Uhm. Oh heck, I'll bite anyway.
The script is a shell script, mostly scaffolding to provide easy extensibility and usage output. The pre filter is two lines of sed. Adding in perl would mean a rather larger footprint, and json/xml parsers add further dependencies of actually quite a bit more than two lines.
We blithely assume that coder time is more valuable than cpu time so tend to throw more and more code at the problem to make the problem vanish (either through solving it or trough obscuring it), then throw as much hardware at the resulting mess to make it look like it runs acceptably fast. That is quite a lot of wastage, oftentimes easily remedied with a bit of stepping back, looking at the thing in its entirety, and thinking for a bit.
Not sure if that's a whine, and I wasn't about to bring it up, but then you did.
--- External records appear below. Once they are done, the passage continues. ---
lemma (in prob_space) covariance_eq:
  assumes "integrable M f" "integrable M g" "integrable M (\<lambda>w. f w * g w)"
  shows "covariance f g = expectation (\<lambda>w. f w * g w) - expectation f * expectation g"
  using assms by (simp add: covariance_def algebra_simps prob_space)

lemma (in prob_space) variance_le_second_moment:
  fixes f :: "'a \<Rightarrow> real"
  assumes "integrable M f" "integrable M (\<lambda>w. (f w)\<^sup>2)"
  shows "variance f \<le> expectation (\<lambda>w. (f w)\<^sup>2)"
  using assms by (simp add: variance_eq)

lemma (in prob_space) variance_sum:
  fixes f :: "'i \<Rightarrow> 'a \<Rightarrow> real"
  assumes "finite I"
    and int: "\<And>i. i \<in> I \<Longrightarrow> integrable M (f i)"
    and int_mult: "\<And>i j. i \<in> I \<Longrightarrow> j \<in> I \<Longrightarrow> integrable M (\<lambda>w. f i w * f j w)"
  shows "variance (\<lambda>w. \<Sum>i\<in>I. f i w) = (\<Sum>i\<in>I. \<Sum>j\<in>I. covariance (f i) (f j))"
proof -
  have square: "(\<Sum>i\<in>I. g i)\<^sup>2 = (\<Sum>i\<in>I. \<Sum>j\<in>I. g i * g j)" for g :: "'i \<Rightarrow> real"
    by (simp add: power2_eq_square sum_product)
  have int_square: "integrable M (\<lambda>w. (\<Sum>i\<in>I. f i w)\<^sup>2)"
    unfolding square by (intro Bochner_Integration.integrable_sum int_mult)
  have "expectation (\<lambda>w. (\<Sum>i\<in>I. f i w)\<^sup>2)
      = (\<Sum>i\<in>I. \<Sum>j\<in>I. expectation (\<lambda>w. f i w * f j w))"
    unfolding square
    by (simp add: Bochner_Integration.integral_sum Bochner_Integration.integrable_sum int_mult)
  moreover have "(expectation (\<lambda>w. \<Sum>i\<in>I. f i w))\<^sup>2
      = (\<Sum>i\<in>I. \<Sum>j\<in>I. expectation (f i) * expectation (f j))"
    by (simp add: square int Bochner_Integration.integral_sum)
  moreover have "variance (\<lambda>w. \<Sum>i\<in>I. f i w)
      = expectation (\<lambda>w. (\<Sum>i\<in>I. f i w)\<^sup>2) - (expectation (\<lambda>w. \<Sum>i\<in>I. f i w))\<^sup>2"
    by (intro variance_eq Bochner_Integration.integrable_sum int int_square)
  ultimately show ?thesis
    by (simp add: covariance_eq int int_mult sum_subtractf)
qed

lemma sum_sum_le_sum_diagonal:
  fixes c :: "'a \<Rightarrow> 'a \<Rightarrow> 'b::ordered_comm_monoid_add"
  assumes "finite A" and "\<And>x y. x \<in> A \<Longrightarrow> y \<in> A \<Longrightarrow> x \<noteq> y \<Longrightarrow> c x y \<le> 0"
  shows "(\<Sum>x\<in>A. \<Sum>y\<in>A. c x y) \<le> (\<Sum>x\<in>A. c x x)"
proof (rule sum_mono)
  fix x assume "x \<in> A"
  then have "(\<Sum>y\<in>A. c x y) = c x x + (\<Sum>y\<in>A - {x}. c x y)"
    by (rule sum.remove[OF \<open>finite A\<close>])
  also have "\<dots> \<le> c x x"
    using assms(2) \<open>x \<in> A\<close> by (intro add_decreasing2 sum_nonpos order_refl) auto
  finally show "(\<Sum>y\<in>A. c x y) \<le> c x x" .
qed
lemma norm_le_norm1: "norm x \<le> norm1 x"
  unfolding norm1_def by (rule norm_le_l1_cart)

lemma norm1_scaleR: "norm1 (c *\<^sub>R x) = \<bar>c\<bar> * norm1 x"
  unfolding norm1_def by (simp add: abs_mult sum_distrib_left)

lemma continuous_on_norm1: "continuous_on S norm1"
  unfolding norm1_def by (intro continuous_intros)

lemma norm1_power2_le_norm0: "(norm1 x)\<^sup>2 \<le> real (norm0 x) * (norm x)\<^sup>2"
proof -
  let ?S = "{i. x$i \<noteq> 0}"
  have "norm1 x = (\<Sum>i\<in>?S. \<bar>x$i\<bar>)"
    unfolding norm1_def by (rule sum.mono_neutral_right) auto
  then have "(norm1 x)\<^sup>2 \<le> (\<Sum>i\<in>?S. \<bar>x$i\<bar>\<^sup>2) * real (card ?S)"
    by (metis sum_squared_le_sum_of_squares)
  also have "(\<Sum>i\<in>?S. \<bar>x$i\<bar>\<^sup>2) = (\<Sum>i\<in>UNIV. (x$i)\<^sup>2)"
    by (simp only: power2_abs) (rule sum.mono_neutral_left, auto)
  also have "\<dots> = (norm x)\<^sup>2"
    by (simp add: norm_vec_def L2_set_def sum_nonneg)
  finally show ?thesis
    unfolding norm0_def by (simp add: mult.commute)
qed

lemma one_le_norm1_ratio:
  assumes "x \<noteq> 0"
  shows "1 \<le> (norm1 x)\<^sup>2 / (norm x)\<^sup>2"
  using assms power_mono[OF norm_le_norm1[of x]] by simp

lemma spherical_section_property_imp_norm1_power2_ge:
  assumes "spherical_section_property m s V" "0 < s" "d \<in> V"
  shows "real m / s * (norm d)\<^sup>2 \<le> (norm1 d)\<^sup>2"
proof (cases "d = 0")
  case False
  have "ereal (sqrt (real m / s)) \<le> (INF v\<in>V - {0}. ereal (norm1 v / norm v))"
    using assms(1) unfolding spherical_section_property_def by blast
  also have "\<dots> \<le> ereal (norm1 d / norm d)"
    using assms(3) False by (intro INF_lower) auto
  finally have "sqrt (real m / s) * norm d \<le> norm1 d"
    using False by (simp add: le_divide_eq)
  then have "(sqrt (real m / s) * norm d)\<^sup>2 \<le> (norm1 d)\<^sup>2"
    using assms(2) by (intro power_mono) auto
  then show ?thesis
    using assms(2) by (simp add: power_mult_distrib)
qed simp

lemma punctured_continuous_attains_inf:
  fixes F h :: "'a::heine_borel \<Rightarrow> real"
  assumes "closed S" and F_cont: "continuous_on (S - {a}) F" and h_cont: "isCont h a"
    and F_ge: "\<And>x. x \<in> S - {a} \<Longrightarrow> h x \<le> F x"
    and x1: "x1 \<in> S - {a}" "F x1 < h a"
    and bounded: "bounded {x \<in> S - {a}. F x \<le> F x1}"
  shows "\<exists>x\<in>S - {a}. \<forall>y\<in>S - {a}. F x \<le> F y"
proof -
  obtain \<delta> where "\<delta> > 0" and "\<And>y. dist y a < \<delta> \<Longrightarrow> dist (h y) (h a) < h a - F x1"
    using h_cont x1(2) unfolding continuous_at_eps_delta by (meson diff_gt_0_iff_gt)
  then have h_gt: "F x1 < h y" if "dist y a < \<delta>" for y
    using that by (fastforce simp: dist_real_def)
  define K where "K = (S - ball a \<delta>) \<inter> F -` {..F x1}"
  have K_sub: "K \<subseteq> {x \<in> S - {a}. F x \<le> F x1}"
    using \<open>\<delta> > 0\<close> unfolding K_def by auto
  have "S - ball a \<delta> \<subseteq> S - {a}"
    using \<open>\<delta> > 0\<close> by auto
  then have "closed K"
    unfolding K_def using \<open>closed S\<close>
    by (intro continuous_closed_preimage continuous_on_subset[OF F_cont] closed_Diff) auto
  then have "compact K"
    using bounded_subset[OF bounded K_sub] by (simp add: compact_eq_bounded_closed)
  have outside_K: "F x1 < F y" if "y \<in> S - {a}" "y \<notin> K" for y
  proof (cases "dist y a < \<delta>")
    case True
    then show ?thesis
      using h_gt F_ge[OF that(1)] by fastforce
  next
    case False
    then show ?thesis
      using that unfolding K_def by (auto simp: dist_commute)
  qed
  then have "x1 \<in> K"
    using x1(1) by blast
  then obtain x where "x \<in> K" and x_min: "\<forall>y\<in>K. F x \<le> F y"
    using continuous_attains_inf[OF \<open>compact K\<close>] continuous_on_subset[OF F_cont] K_sub by blast
  have "F x \<le> F y" if "y \<in> S - {a}" for y
    using x_min \<open>x1 \<in> K\<close> outside_K[OF that] by force
  then show ?thesis
    using \<open>x \<in> K\<close> K_sub by blast
qed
This script I wrote for my own enjoyment so it's not critical; if it was more trouble I probably wouldn't have written it at all. But time and again, and both within computing and without, you see that being careful at the start of the pipeline, even with seemingly minor details, can easily yield substantial benefits at the end. Computing is full of such complex systems that we tend to automatically compartimentalise in modules and layers and whatnots, then possibly optimise within the divisions we imposed, but easily forget about the complete picture.
The result is a bit myopic and one easily overlooks even simpler and more efficient solutions that might not merely be possible but already exist. That's what I was on about, regarding the blithe "must have json and/or xml!" comments a bit above. Your "two lines of perl" is a bit of a red herring, perhaps because you yourself missed the point. This particular field already has acceptable transfer formats, why not use them?
In a way, that blind preference for what aren't even very good general formats is the same sort of fault we're accusing the met office of, though perhaps less cripling (for us freetards). And then there's the habitually understated cost of using them.